The unemployment benefits Wilson receives from her state cannot alone pay her bills or keep her afloat. If she found another job, she’d risk losing her health insurance and could face unemployment or furloughing again. For Wilson, who is still paying off student loans from her master’s degree, and her college-bound daughter, the $600 is about survival.

Even as these women labor to keep the nation alive, policymakers have abandoned them.

While the pandemic has compounded the existing challenges that women of color face, it has also created a unique, unprecedented, and timely opportunity for policymakers to create and implement new policies that meet the needs of women of color and strengthen their economic resilience during and after the pandemic.

On the podcast, Jocelyn Frye, senior fellow at the Center for American Progress, explains that one way to do that would be to fairly compensate frontline workers with premium pay. In addition to raising worker wages, extending emergency paid leave and paid sick days eligibility to workers currently excluded from coronavirus relief packages would also help promote the health, wellbeing, and job security of women of color in low-wage occupations. To help families make ends meet, policymakers should also reinstate the $600 supplement to unemployment benefits, thereby providing families with additional resources to afford basic necessities like food and housing, or save as emergency funds during this crisis.

Another policy solution that could support women of color and their families? A $50 billion investment in child care. Forty-five percent of child care workers are Black, Latinx, or Asian; when centers shutter, workers lose their main source of income, which is already meager to begin with. Just 11 percent of providers feel confident in their ability to make it through the pandemic without support from the government. This federal investment would help keep child care providers in business, allowing early education instructors to care for the children of essential workers and, as safety measures allow, the children of other working parents.

Moving forward, public policies must lead to an overhaul of the pre-pandemic status quo. Policies must confront and redress pervasive labor market disparities by raising the minimum wage to a liveable wage, enforcing equal pay protections, and providing permanent, universal paid family and medical leave and sick days across all industries, sectors, and occupations. To ensure more equitable economic outcomes across race and gender, policymakers will need to take actionable steps towards closing the racial wealth gap, stresses Derbigny. On the podcast, she posits that baby bonds and reparations are two policy solutions that could provide economically marginalized families with a starting point for building wealth.

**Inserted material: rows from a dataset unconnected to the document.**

lemma matrix_mult_matrix_inv:
  assumes "invertible A"
  shows "A ** matrix_inv A = mat 1"
  using assms unfolding invertible_def matrix_inv_def by (rule someI2_ex) blast

lemma matrix_mult_uminus_right: "(A::real^'n^'m) ** (- B) = - (A ** B)"
  by (simp add: matrix_matrix_mult_def vec_eq_iff sum_negf)

lemma argmin_matrix_quadratic:
  fixes A :: "real^'k^'k" and N :: "real^'d^'k"
  assumes sym: "transpose A = A" and psd: "\<And>v. 0 \<le> v \<bullet> (A *v v)" and inv: "invertible A"
  shows "argmin_set (matrix_quadratic A N) = {- (matrix_inv A ** N)}"
proof -
  define S where "S = - (matrix_inv A ** N)"
  define excess where "excess G = (\<Sum>i\<in>UNIV. column i (G - S) \<bullet> (A *v column i (G - S)))" for G
  have "A ** S = - N"
    by (simp add: S_def matrix_mul_assoc matrix_mult_matrix_inv[OF inv] matrix_mult_uminus_right)
  then have S_column: "A *v column i S = - column i N" for i
    using column_matrix_matrix_mult[of i A S] by (simp add: column_def vec_eq_iff)
  have quadratic_split: "matrix_quadratic A N G = matrix_quadratic A N S + excess G" for G
  proof -
    have "column i (G - S) = column i G - column i S" for i
      by (simp add: column_def vec_eq_iff)
    then have "column i G \<bullet> (A *v column i G) + 2 * (column i G \<bullet> column i N)
        = (column i S \<bullet> (A *v column i S) + 2 * (column i S \<bullet> column i N))
          + column i (G - S) \<bullet> (A *v column i (G - S))" for i
      using quadratic_form_complete_square[OF sym S_column, of "column i G"] by simp
    then show ?thesis
      unfolding matrix_quadratic_def excess_def sum.distrib[symmetric] by simp
  qed
  have excess_nonneg: "0 \<le> excess G" for G
    unfolding excess_def by (intro sum_nonneg psd)
  have excess_eq_0_iff: "excess G = 0 \<longleftrightarrow> G = S" for G
  proof
    assume "excess G = 0"
    then have "column i (G - S) \<bullet> (A *v column i (G - S)) = 0" for i
      using psd unfolding excess_def by (simp add: sum_nonneg_eq_0_iff)
    then have "column i (G - S) = 0" for i
      using psd_invertible_quadratic_form_eq_0_imp_eq_0[OF sym psd inv] by blast
    then show "G = S"
      by (simp add: column_def vec_eq_iff)
  qed (simp add: excess_def column_def zero_vec_def[symmetric])
  have "matrix_quadratic A N S \<le> matrix_quadratic A N G" for G
    using quadratic_split[of G] excess_nonneg[of G] by linarith
  moreover have "G = S" if "\<forall>H. matrix_quadratic A N G \<le> matrix_quadratic A N H" for G
  proof -
    have "excess G \<le> 0"
      using that[rule_format, of S] quadratic_split[of G] by linarith
    then show "G = S"
      using excess_nonneg[of G] excess_eq_0_iff[of G] by linarith
  qed
  ultimately show ?thesis
    unfolding S_def[symmetric] argmin_set_def by blast
qed

lemma argmin_set_divide_shift:
  fixes f :: "'a \<Rightarrow> real"
  assumes "c > 0"
  shows "argmin_set (\<lambda>x. (f x + b) / c) = argmin_set f"
  using assms unfolding argmin_set_def by (simp add: divide_le_cancel)

lemma sum_inner_columns: "(\<Sum>i\<in>UNIV. column i G \<bullet> column i H) = (\<Sum>j\<in>UNIV. G $ j \<bullet> H $ j)"
  unfolding inner_vec_def column_def by simp (rule sum.swap)

lemma sum_inner_column_matrix_vector_mult:
  "(\<Sum>i\<in>UNIV. column i G \<bullet> (M *v column i G)) = (\<Sum>j\<in>UNIV. \<Sum>l\<in>UNIV. M $ j $ l * (G $ j \<bullet> G $ l))"
proof -
  have "(\<Sum>i\<in>UNIV. column i G \<bullet> (M *v column i G))
      = (\<Sum>i\<in>UNIV. \<Sum>j\<in>UNIV. \<Sum>l\<in>UNIV. M $ j $ l * (G $ j $ i * G $ l $ i))"
    unfolding inner_vec_def column_def matrix_vector_mult_def by (simp add: sum_distrib_left mult_ac)
  also have "\<dots> = (\<Sum>j\<in>UNIV. \<Sum>i\<in>UNIV. \<Sum>l\<in>UNIV. M $ j $ l * (G $ j $ i * G $ l $ i))"
    by (rule sum.swap)
  also have "\<dots> = (\<Sum>j\<in>UNIV. \<Sum>l\<in>UNIV. \<Sum>i\<in>UNIV. M $ j $ l * (G $ j $ i * G $ l $ i))"
    by (rule sum.cong[OF refl]) (rule sum.swap)
  also have "\<dots> = (\<Sum>j\<in>UNIV. \<Sum>l\<in>UNIV. M $ j $ l * (G $ j \<bullet> G $ l))"
    by (simp add: inner_vec_def sum_distrib_left)
  finally show ?thesis .
qed

lemma frob_sq_eq_sum_inner_rows: "frob_sq G = (\<Sum>j\<in>UNIV. G $ j \<bullet> G $ j)"
  by (simp add: frob_sq_def inner_vec_def power2_eq_square)

lemma transpose_kmat:
  assumes "kernel_symmetric \<kappa>"
  shows "transpose (kmat \<kappa> x) = kmat \<kappa> x"
  using assms by (simp add: transpose_def kmat_def kernel_symmetric_def)

lemma kmat_psd:
  fixes \<kappa> :: "real^'d \<Rightarrow> real^'d \<Rightarrow> real" and x :: "'k::finite \<Rightarrow> real^'d"
  assumes "kernel_psd \<kappa>"
  shows "0 \<le> v \<bullet> (kmat \<kappa> x *v v)"
proof -
  define F where "F i j = v $ i * v $ j * \<kappa> (x i) (x j)" for i j
  obtain h where h: "bij_betw h {..<CARD('k)} (UNIV::'k set)"
    using ex_bij_betw_nat_finite[of "UNIV::'k set"] by (auto simp: lessThan_atLeast0)
  have reindex: "(\<Sum>i<CARD('k). g (h i)) = (\<Sum>i\<in>UNIV. g i)" for g :: "'k \<Rightarrow> real"
    using sum.reindex_bij_betw[OF h] .
  have "0 \<le> (\<Sum>i<CARD('k). \<Sum>j<CARD('k). F (h i) (h j))"
    using assms[unfolded kernel_psd_def, rule_format,
        where n="CARD('k)" and xs="x \<circ> h" and c="\<lambda>i. v $ h i"]
    by (simp add: F_def)
  also have "\<dots> = (\<Sum>i<CARD('k). \<Sum>j\<in>UNIV. F (h i) j)"
    by (rule sum.cong[OF refl]) (rule reindex)
  also have "\<dots> = (\<Sum>i\<in>UNIV. \<Sum>j\<in>UNIV. F i j)"
    by (rule reindex)
  also have "\<dots> = v \<bullet> (kmat \<kappa> x *v v)"
    unfolding F_def inner_vec_def matrix_vector_mult_def kmat_def
    by (simp add: sum_distrib_left mult_ac)
  finally show ?thesis .
qed

lemma grad1_eq_grad2_swap:
  assumes "kernel_symmetric \<kappa>"
  shows "grad1 \<kappa> a b = grad2 \<kappa> b a"
  using assms unfolding grad1_def grad2_def kernel_symmetric_def by simp

lemma ksd_V_plus_regulariser_eq:
  fixes \<kappa> :: "real^'d \<Rightarrow> real^'d \<Rightarrow> real" and x :: "'k::finite \<Rightarrow> real^'d"
  assumes "kernel_symmetric \<kappa>"
  shows "ksd_V \<kappa> x G + \<eta> / (real CARD('k))\<^sup>2 * frob_sq G
    = (matrix_quadratic (kmat \<kappa> x + \<eta> *\<^sub>R mat 1) (nabla_kmat \<kappa> x) G
        + (\<Sum>j\<in>UNIV. \<Sum>l\<in>UNIV. mtrace (grad12 \<kappa> (x j) (x l)))) / (real CARD('k))\<^sup>2"
proof -
  let ?K = "kmat \<kappa> x" and ?N = "nabla_kmat \<kappa> x"
  have quadratic: "(\<Sum>j\<in>UNIV. \<Sum>l\<in>UNIV. G $ j \<bullet> (?K $ j $ l *\<^sub>R G $ l)) + \<eta> * frob_sq G
      = (\<Sum>i\<in>UNIV. column i G \<bullet> ((?K + \<eta> *\<^sub>R mat 1) *v column i G))"
  proof -
    have "column i G \<bullet> ((?K + \<eta> *\<^sub>R mat 1) *v column i G)
        = column i G \<bullet> (?K *v column i G) + \<eta> * (column i G \<bullet> column i G)" for i
      by (simp add: matrix_vector_mult_add_rdistrib scaleR_matrix_vector_assoc[symmetric]
          inner_add_right)
    then show ?thesis
      by (simp add: sum.distrib sum_distrib_left[symmetric] sum_inner_column_matrix_vector_mult
          sum_inner_columns frob_sq_eq_sum_inner_rows)
  qed
  have linear: "(\<Sum>j\<in>UNIV. \<Sum>l\<in>UNIV. G $ j \<bullet> grad2 \<kappa> (x j) (x l))
      = (\<Sum>i\<in>UNIV. column i G \<bullet> column i ?N)"
  proof -
    have "?N $ j = (\<Sum>l\<in>UNIV. grad2 \<kappa> (x j) (x l))" for j
      by (simp add: nabla_kmat_def vec_eq_iff sum_component)
    then show ?thesis
      by (simp add: sum_inner_columns inner_sum_right)
  qed
  have linear_swapped: "(\<Sum>j\<in>UNIV. \<Sum>l\<in>UNIV. grad1 \<kappa> (x j) (x l) \<bullet> G $ l)
      = (\<Sum>j\<in>UNIV. \<Sum>l\<in>UNIV. G $ j \<bullet> grad2 \<kappa> (x j) (x l))"
  proof -
    have "(\<Sum>j\<in>UNIV. \<Sum>l\<in>UNIV. grad1 \<kappa> (x j) (x l) \<bullet> G $ l)
        = (\<Sum>j\<in>UNIV. \<Sum>l\<in>UNIV. G $ l \<bullet> grad2 \<kappa> (x l) (x j))"
      by (simp add: grad1_eq_grad2_swap[OF assms] inner_commute)
    also have "\<dots> = (\<Sum>j\<in>UNIV. \<Sum>l\<in>UNIV. G $ j \<bullet> grad2 \<kappa> (x j) (x l))"
      by (rule sum.swap)
    finally show ?thesis .
  qed
  have "matrix_quadratic (?K + \<eta> *\<^sub>R mat 1) ?N G
      = (\<Sum>j\<in>UNIV. \<Sum>l\<in>UNIV. G $ j \<bullet> (?K $ j $ l *\<^sub>R G $ l)) + \<eta> * frob_sq G
        + 2 * (\<Sum>j\<in>UNIV. \<Sum>l\<in>UNIV. G $ j \<bullet> grad2 \<kappa> (x j) (x l))"
    unfolding matrix_quadratic_def quadratic linear by (simp add: sum.distrib sum_distrib_left)
  then show ?thesis
    unfolding ksd_V_def sum.distrib linear_swapped by (simp add: field_simps)
qed

theorem theorem1:
  fixes \<kappa> :: "real^'d \<Rightarrow> real^'d \<Rightarrow> real"
    and x :: "'k::finite \<Rightarrow> real^'d"
    and \<eta> :: real
  assumes "kernel_symmetric \<kappa>"
    and "kernel_psd \<kappa>"
    and "kernel_C2 \<kappa>"
    and "\<eta> \<ge> 0"
    and "invertible (kmat \<kappa> x + \<eta> *\<^sub>R mat 1)"
  shows "argmin_set (\<lambda>G. ksd_V \<kappa> x G + \<eta> / (real CARD('k))\<^sup>2 * frob_sq G)
           = {stein_estimator \<kappa> x \<eta>}"
proof -
  let ?A = "kmat \<kappa> x + \<eta> *\<^sub>R mat 1" and ?N = "nabla_kmat \<kappa> x"
  have "transpose ?A = ?A"
    using transpose_kmat[OF assms(1), of x] by (simp add: transpose_def vec_eq_iff mat_def)
  moreover have "0 \<le> v \<bullet> (?A *v v)" for v
    using kmat_psd[OF assms(2), of v x] \<open>\<eta> \<ge> 0\<close>
    by (simp add: matrix_vector_mult_add_rdistrib scaleR_matrix_vector_assoc[symmetric] inner_add_right)
  ultimately have "argmin_set (matrix_quadratic ?A ?N) = {stein_estimator \<kappa> x \<eta>}"
    using argmin_matrix_quadratic[OF _ _ assms(5)] by (simp add: stein_estimator_def)
  then show ?thesis
    by (simp only: ksd_V_plus_regulariser_eq[OF assms(1)] argmin_set_divide_shift zero_less_power
        of_nat_0_less_iff zero_less_card_finite)
qed

end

Implementing policies that value the labor of women of color and creates equal access to financial security will not only ensure their survival during this pandemic, and stability afterwards, but it will also help dismantle an economic and labor system rooted in a legacy of white supremacy, which has withheld workplace protections, job opportunities, access to wealth-building assets, and social benefits from women of color. Women of color have waited too long, “struggling to survive in a nation that has more than enough wealth to go around.” The time for reimagining and constructing an economic and labor system built on policies that work for, instead of against, women of color, is long overdue.

Corrected at 11:00 a.m. on August 13, 2020: A previous version of this article miquoted Dominique Derbigny, and has been corrected to reflect her contributions as a guest on the Crisis Conversations podcast. Derbigny did not discuss universal basic income while a guest on the podcast. We have made an update to more accurately reflect Jamie Gloshay’s comment; we specify that the small businesses in question are Native American-owned. This article was also corrected to reflect that Jocelyn Frye used the term “premium pay” rather than “hazard pay” in reference to increasing frontline workers’ wages.